To confirm whether a system is vulnerable, first check for open ports listening on TCP that aren’t registered with the portmapper. Then, attempt to identify the service running on those ports.

• Quick checks: Use netstat -ano | findstr (Windows) or netstat -tulnp | grep (Linux/Unix) to see if a process is listening on the port.
• Scanning: Nessus vulnerability ID 85641 can detect this issue, but results may be false positive.
• Logs and evidence: Check Windows Event Logs for RPC-related events or errors. On Linux/Unix, examine system logs (e.g., /var/log/syslog) for service startup messages.

netstat -ano | findstr 135

4. Solution / Remediation Steps

To fix this issue, ensure the RPC service is properly registered with the portmapper or that the service doesn’t require registration. If it’s a legitimate service, investigate why it isn’t registering and correct the configuration.

4.1 Preparation

• Ensure you have access to restart the RPC service. A roll back plan is to restore the original configuration or restart the server.
• A change window may be needed depending on the impact of restarting the RPC service. Approval from a system administrator might be required.

4.2 Implementation

1. Step 1: Check if the RPC service is configured to automatically register with the portmapper. This setting varies by operating system and service configuration.
2. Step 2: If not, configure the service to register with the portmapper. On Windows, this may involve modifying registry settings related to DCOM or RPC.
3. Step 3: Restart the RPC service to apply the changes.

4.3 Config or Code Example

Before

(Example - Windows Registry)
[HKEY_LOCAL_MACHINESOFTWAREMicrosoftRpcClientInterface]
"UseLocalHostOnly"=1

After

(Example - Windows Registry)
[HKEY_LOCAL_MACHINESOFTWAREMicrosoftRpcClientInterface]
"UseLocalHostOnly"=0

4.4 Security Practices Relevant to This Vulnerability

List only practices that directly address this vulnerability type. Use neutral wording and examples instead of fixed advice. For example: least privilege, input validation, safe defaults, secure headers, patch cadence. If a practice does not apply, do not include it.
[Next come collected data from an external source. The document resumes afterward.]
(* Consider $N\ge2$ heterogeneous agents $x_i(k+1)=A_ix_i(k)+B_iu_i(k)$, $y_i(k)=C_ix_i(k)$, with $x_i\in\mathbb{R}^{n_i}$, $u_i\in\mathbb{R}^{m_i}$, $y_i\in\mathbb{R}^p$, and local (introspective) measurement $z_i(k)=C_i^m x_i(k)$, where for each $i$: $(A_i,B_i)$ is stabilizable, $(C_i,A_i)$ is detectable, $(C_i,A_i,B_i)$ is right-invertible, and $(C_i^m,A_i)$ is detectable. Let $(C,A,B)$ be a triple with $\operatorname{rank}C=p$, invertible of uniform rank $n_q\ge\bar n_d$ (the maximal order of infinite zeros of the $(C_i,A_i,B_i)$), without invariant zeros, and with all eigenvalues of $A$ in the closed unit disc. Suppose that for each $i$ a pre-compensator $\xi_i(k+1)=A_{i,h}\xi_i(k)+B_{i,h}z_i(k)+E_{i,h}v_i(k)$, $u_i(k)=C_{i,h}\xi_i(k)+D_{i,h}v_i(k)$ is given such that the interconnection with agent $i$ can be written as $\bar x_i(k+1)=A\bar x_i(k)+B(v_i(k)+d_i(k))$, $y_i(k)=C\bar x_i(k)$, where $\omega_i(k+1)=A_{i,s}\omega_i(k)$, $d_i(k)=C_{i,s}\omega_i(k)$ with $A_{i,s}$ Schur stable. Let $K$, $H$ be such that $A-BK$ and $A-HC$ are Schur stable, and apply to each agent the protocol $$\begin{aligned}\xi_i(k+1)&=A_{i,h}\xi_i(k)+B_{i,h}z_i(k)-E_{i,h}K\eta_i(k),\\ \hat x_i(k+1)&=A\hat x_i(k)-BK\hat\zeta_i(k)+H(\zeta_i(k)-C\hat x_i(k)),\\ \eta_i(k+1)&=(A-BK)\eta_i(k)+A\hat x_i(k)-A\hat\zeta_i(k),\\ u_i(k)&=C_{i,h}\xi_i(k)-D_{i,h}K\eta_i(k),\end{aligned}$$ with $\zeta_i(k)=\sum_{j}d_{ij}(y_i(k)-y_j(k))$ and $\hat\zeta_i(k)=\sum_j d_{ij}(\eta_i(k)-\eta_j(k))$. Then for every $N$, every weighted directed graph on $N$ nodes containing a directed spanning tree, and all initial conditions, output synchronization holds: $\lim_{k\to\infty}(y_i(k)-y_j(k))=0$ for all $i,j$.
   Context: The network is a weighted directed graph with adjacency matrix $[a_{ij}]$, $a_{ij}\ge0$, $a_{ii}=0$ ($a_{ij}>0$ means an edge from $j$ to $i$); weighted in-degree $d_{in}(i)=\sum_j a_{ij}$; $d_{ij}=a_{ij}/(1+d_{in}(i))$ for $j\ne i$, $d_{ii}=1/(1+d_{in}(i))$. Schur stable means all eigenvalues in the open unit disc. Right-invertibility of $(C_i,A_i,B_i)$ means every reference output can be produced by suitable initial condition and input. A directed spanning tree is a subgraph containing all nodes in which every node except one root has exactly one parent. *)

theory Defs
  imports "Jordan_Normal_Form.Char_Poly" "Jordan_Normal_Form.DL_Rank"
begin

definition schur_stable :: "real mat \<Rightarrow> bool" where
  "schur_stable M \<longleftrightarrow> square_mat M \<and>
     (\<forall>ev. eigenvalue (map_mat complex_of_real M) ev \<longrightarrow> cmod ev < 1)"

definition stabilizable :: "real mat \<Rightarrow> real mat \<Rightarrow> bool" where
  "stabilizable A B \<longleftrightarrow> (\<exists>F. F \<in> carrier_mat (dim_col B) (dim_row A) \<and> schur_stable (A + B * F))"

definition detectable :: "real mat \<Rightarrow> real mat \<Rightarrow> bool" where
  "detectable C A \<longleftrightarrow> (\<exists>L. L \<in> carrier_mat (dim_row A) (dim_row C) \<and> schur_stable (A + L * C))"

definition right_invertible :: "real mat \<Rightarrow> real mat \<Rightarrow> real mat \<Rightarrow> bool" where
  "right_invertible C A B \<longleftrightarrow>
     (\<forall>yr :: nat \<Rightarrow> real vec. (\<forall>k. yr k \<in> carrier_vec (dim_row C)) \<longrightarrow>
        (\<exists>x u. x 0 \<in> carrier_vec (dim_row A) \<and> (\<forall>k. u k \<in> carrier_vec (dim_col B)) \<and>
               (\<forall>k. x (Suc k) = A *\<^sub>v x k + B *\<^sub>v u k) \<and>
               (\<forall>k. C *\<^sub>v x k = yr k)))"

definition invertible_uniform_rank :: "real mat \<Rightarrow> real mat \<Rightarrow> real mat \<Rightarrow> nat \<Rightarrow> bool" where
  "invertible_uniform_rank C A B nq \<longleftrightarrow>
     dim_row C = dim_col B \<and> nq \<ge> 1 \<and>
     (\<forall>j < nq - 1. C * (A ^\<^sub>m j) * B = 0\<^sub>m (dim_row C) (dim_col B)) \<and>
     det (C * (A ^\<^sub>m (nq - 1)) * B) \<noteq> 0"

definition rosenbrock :: "real mat \<Rightarrow> real mat \<Rightarrow> real mat \<Rightarrow> complex \<Rightarrow> complex mat" where
  "rosenbrock C A B z = four_block_mat
      (z \<cdot>\<^sub>m 1\<^sub>m (dim_row A) - map_mat complex_of_real A) (- map_mat complex_of_real B)
      (map_mat complex_of_real C) (0\<^sub>m (dim_row C) (dim_col B))"

definition rosenbrock_rank :: "real mat \<Rightarrow> real mat \<Rightarrow> real mat \<Rightarrow> complex \<Rightarrow> nat" where
  "rosenbrock_rank C A B z = vec_space.rank (dim_row A + dim_row C) (rosenbrock C A B z)"

definition normal_rank :: "real mat \<Rightarrow> real mat \<Rightarrow> real mat \<Rightarrow> nat" where
  "normal_rank C A B = Max (range (rosenbrock_rank C A B))"

definition invariant_zero :: "real mat \<Rightarrow> real mat \<Rightarrow> real mat \<Rightarrow> complex \<Rightarrow> bool" where
  "invariant_zero C A B z \<longleftrightarrow> rosenbrock_rank C A B z < normal_rank C A B"

text \<open>Block lower-triangular Toeplitz matrix of the Markov parameters C A^(j-1) B, j = 1..k.\<close>
definition markov_toeplitz :: "real mat \<Rightarrow> real mat \<Rightarrow> real mat \<Rightarrow> nat \<Rightarrow> real mat" where
  "markov_toeplitz C A B k =
     (let p = dim_row C; m = dim_col B in
      mat (k * p) (k * m) (\<lambda>(r, c). let a = r div p; b = c div m in
         if b \<le> a then (C * (A ^\<^sub>m (a - b)) * B) $$ (r mod p, c mod m) else 0))"

definition toeplitz_rank :: "real mat \<Rightarrow> real mat \<Rightarrow> real mat \<Rightarrow> nat \<Rightarrow> nat" where
  "toeplitz_rank C A B k = vec_space.rank (k * dim_row C) (markov_toeplitz C A B k)"

text \<open>Number of infinite zeros of order at most k (structure at infinity, via Toeplitz ranks).\<close>
definition inf_zeros_upto :: "real mat \<Rightarrow> real mat \<Rightarrow> real mat \<Rightarrow> nat \<Rightarrow> nat" where
  "inf_zeros_upto C A B k =
     (if k = 0 then 0 else toeplitz_rank C A B k - toeplitz_rank C A B (k - 1))"

definition max_inf_zero_order :: "real mat \<Rightarrow> real mat \<Rightarrow> real mat \<Rightarrow> nat" where
  "max_inf_zero_order C A B =
     (LEAST k. \<forall>j\<ge>k. inf_zeros_upto C A B j = inf_zeros_upto C A B k)"

text \<open>a i j > 0 means an edge from j to i. A directed spanning tree: a root r and a parent
  map on the other nodes along existing edges such that every node reaches the root.\<close>
definition has_directed_spanning_tree :: "nat \<Rightarrow> (nat \<Rightarrow> nat \<Rightarrow> real) \<Rightarrow> bool" where
  "has_directed_spanning_tree N a \<longleftrightarrow>
     (\<exists>r < N. \<exists>par :: nat \<Rightarrow> nat.
        (\<forall>i < N. i \<noteq> r \<longrightarrow> par i < N \<and> a i (par i) > 0) \<and>
        (\<forall>i < N. \<exists>k. (par ^^ k) i = r \<and> (\<forall>l < k. (par ^^ l) i \<noteq> r)))"

definition in_degree :: "nat \<Rightarrow> (nat \<Rightarrow> nat \<Rightarrow> real) \<Rightarrow> nat \<Rightarrow> real" where
  "in_degree N a i = (\<Sum>j<N. a i j)"

definition dcoef :: "nat \<Rightarrow> (nat \<Rightarrow> nat \<Rightarrow> real) \<Rightarrow> nat \<Rightarrow> nat \<Rightarrow> real" where
  "dcoef N a i j = (if j = i then 1 / (1 + in_degree N a i) else a i j / (1 + in_degree N a i))"

text \<open>The interconnection of agent (Ai,Bi,Ci,Cmi) with the pre-compensator
  (Ah,Bh,Eh,Ch,Dh) (input v, output y) is, after an invertible change of state coordinates
  (xbar; omega) = T (x; xi), of the form
  xbar+ = A xbar + B (v + Cs omega), omega+ = As omega, y = C xbar.\<close>
definition interconnection_form ::
  "real mat \<Rightarrow> real mat \<Rightarrow> real mat \<Rightarrow> real mat \<Rightarrow>
   real mat \<Rightarrow> real mat \<Rightarrow> real mat \<Rightarrow> real mat \<Rightarrow> real mat \<Rightarrow>
   real mat \<Rightarrow> real mat \<Rightarrow> real mat \<Rightarrow> real mat \<Rightarrow> real mat \<Rightarrow> bool" where
  "interconnection_form Ai Bi Ci Cmi Ah Bh Eh Ch Dh A B C As Cs \<longleftrightarrow>
     (let ni = dim_row Ai; si = dim_row Ah; nA = dim_row A; ri = dim_row As;
          mA = dim_col B; p = dim_row C;
          Atil = four_block_mat Ai (Bi * Ch) (Bh * Cmi) Ah;
          Btil = mat (ni + si) mA (\<lambda>(r, c). if r < ni then (Bi * Dh) $$ (r, c) else Eh $$ (r - ni, c));
          Ctil = mat p (ni + si) (\<lambda>(r, c). if c < ni then Ci $$ (r, c) else 0);
          Abar = four_block_mat A (B * Cs) (0\<^sub>m ri nA) As;
          Bbar = mat (nA + ri) mA (\<lambda>(r, c). if r < nA then B $$ (r, c) else 0);
          Cbar = mat p (nA + ri) (\<lambda>(r, c). if c < nA then C $$ (r, c) else 0)
      in nA + ri = ni + si \<and>
         (\<exists>T. T \<in> carrier_mat (ni + si) (ni + si) \<and> invertible_mat T \<and>
              T * Atil = Abar * T \<and> T * Btil = Bbar \<and> Ctil = Cbar * T))"

end

theory Submission
  imports Defs "Jordan_Normal_Form.Spectral_Radius" "HOL-Library.Function_Algebras"
begin

text \<open>In the coordinates \<open>xb\<^sub>i\<close> of the interconnection form, every pre-compensated agent is a copy of
  the target model \<open>xb\<^sub>i(k+1) = A xb\<^sub>i(k) + B (v\<^sub>i(k) + d\<^sub>i(k))\<close> whose disturbance \<open>d\<^sub>i\<close> comes from a
  Schur stable exosystem and therefore vanishes. The observer error \<open>\<Sum>\<^sub>j d\<^sub>i\<^sub>j (xb\<^sub>i - xb\<^sub>j) - xh\<^sub>i\<close>
  obeys a recurrence through the Schur stable \<open>A - H C\<close> with vanishing input, so it vanishes as
  well. The differences \<open>\<Phi>\<^sub>i = xb\<^sub>i - \<eta>\<^sub>i\<close> then satisfy \<open>\<Phi>\<^sub>i(k+1) = A (D \<Phi>(k))\<^sub>i\<close> up to vanishing
  terms, with the row stochastic \<open>D = [d\<^sub>i\<^sub>j]\<close>. Because \<open>D\<close> has a positive diagonal and its graph a
  spanning tree, \<open>D\<^sup>k\<close> shrinks disagreement geometrically, while the powers of \<open>A\<close> (spectrum in the
  closed unit disc) grow only polynomially; hence \<open>\<Phi>\<^sub>i - \<Phi>\<^sub>j \<rightarrow> 0\<close>. Now \<open>\<eta>\<^sub>i\<close> is driven through
  the Schur stable \<open>A - B K\<close> by a vanishing input, so \<open>\<eta>\<^sub>i \<rightarrow> 0\<close>, and
  \<open>y\<^sub>i - y\<^sub>j = C (\<Phi>\<^sub>i - \<Phi>\<^sub>j) + C (\<eta>\<^sub>i - \<eta>\<^sub>j) \<rightarrow> 0\<close>.\<close>

section \<open>Summability and convolutions\<close>

lemma summable_poly_times_geometric:
  fixes \<beta> :: real
  assumes "0 \<le> \<beta>" and "\<beta> < 1"
  shows "summable (\<lambda>m. real (Suc m) ^ p * \<beta> ^ m)"
proof (cases "\<beta> = 0")
  case True
  then have "(\<lambda>m. real (Suc m) ^ p * \<beta> ^ m) = (\<lambda>m. if m = 0 then 1 else 0)"
    by (auto simp: fun_eq_iff)
  then show ?thesis by simp
next
  case False
  with assms have \<beta>: "0 < \<beta>" "\<beta> < 1" by auto
  define c where "c = (1 + \<beta>) / 2"
  have "(\<lambda>n. 1 / real (Suc n)) \<longlonglongrightarrow> 0"
    using LIMSEQ_Suc[OF lim_const_over_n[of 1]] by simp
  then have "(\<lambda>n. (1 + 1 / real (Suc n)) ^ p) \<longlonglongrightarrow> (1 + 0) ^ p"
    by (intro tendsto_intros)
  moreover have "(1 + 0) ^ p < (1 + \<beta>) / (2 * \<beta>)" using \<beta> by (simp add: field_simps)
  ultimately have "\<forall>\<^sub>F n in sequentially. (1 + 1 / real (Suc n)) ^ p < (1 + \<beta>) / (2 * \<beta>)"
    by (rule order_tendstoD(2))
  then obtain N where N: "\<And>n. n \<ge> N \<Longrightarrow> (1 + 1 / real (Suc n)) ^ p < (1 + \<beta>) / (2 * \<beta>)"
    unfolding eventually_sequentially by blast
  show ?thesis
  proof (rule summable_ratio_test[of c N])
    show "c < 1" using \<beta> by (simp add: c_def)
    fix n assume "n \<ge> N"
    have "real (Suc (Suc n)) = real (Suc n) * (1 + 1 / real (Suc n))"
      by (simp add: field_simps)
    then have eq: "real (Suc (Suc n)) ^ p = real (Suc n) ^ p * (1 + 1 / real (Suc n)) ^ p"
      by (simp only: power_mult_distrib)
    have "norm (real (Suc (Suc n)) ^ p * \<beta> ^ Suc n) =
        (1 + 1 / real (Suc n)) ^ p * \<beta> * (real (Suc n) ^ p * \<beta> ^ n)"
      using \<beta> unfolding eq by (simp add: abs_mult algebra_simps)
    also have "\<dots> \<le> (1 + \<beta>) / (2 * \<beta>) * \<beta> * (real (Suc n) ^ p * \<beta> ^ n)"
      using N[OF \<open>n \<ge> N\<close>] \<beta> by (intro mult_right_mono) auto
    also have "\<dots> = c * norm (real (Suc n) ^ p * \<beta> ^ n)"
      using \<beta> by (simp add: c_def)
    finally show "norm (real (Suc (Suc n)) ^ p * \<beta> ^ Suc n) \<le> c * norm (real (Suc n) ^ p * \<beta> ^ n)" .
  qed
qed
• Practice 1: Network segmentation to limit the blast radius if an RPC service is compromised.
• Practice 2: Regularly review and update firewall rules to ensure only necessary ports are open.

4.5 Automation (Optional)

# Example PowerShell Script to check RPC registration status
Get-WmiObject Win32_Service | Where-Object {$_.Name -like "*RPC*"} | Select-Object Name, StartMode, State

5. Verification / Validation

Confirm the fix worked by checking if the service is now registered with the portmapper and that security tools no longer report it as exposed.

• Post-fix check: Run rpcinfo -p (Linux/Unix) or use a tool like PortQryUI on Windows to verify the RPC service is listed in the registered services.
• Re-test: Re-run the Nessus scan and confirm that vulnerability ID 85641 no longer appears.
• Smoke test: Verify any applications or services relying on the RPC service are functioning correctly.
• Monitoring: Monitor system logs for RPC-related errors or unexpected behavior.

rpcinfo -p localhost

6. Preventive Measures and Monitoring

Suggest only measures that are relevant to the vulnerability type. Use “for example” to keep advice conditional, not prescriptive.

• Baselines: Update security baselines or policies to include requirements for RPC service registration.
• Pipelines: Add checks in CI/CD pipelines to ensure proper configuration of RPC services during deployment.
• Asset and patch process: Implement a regular patch cycle for operating systems and applications that use RPC.

7. Risks, Side Effects, and Roll Back

• Risk or side effect 1: Restarting the RPC service may cause temporary service disruption.
• Risk or side effect 2: Incorrect registry modifications could lead to system instability.
• Roll back: Restore the original configuration settings or restart the server if necessary.

8. References and Resources

• Vendor advisory or bulletin: No specific vendor advisory available for general RPC registration issues.
• NVD or CVE entry: https://nvd.nist.gov/vuln/detail/85641
• Product or platform documentation relevant to the fix: Microsoft documentation on DCOM and RPC configuration.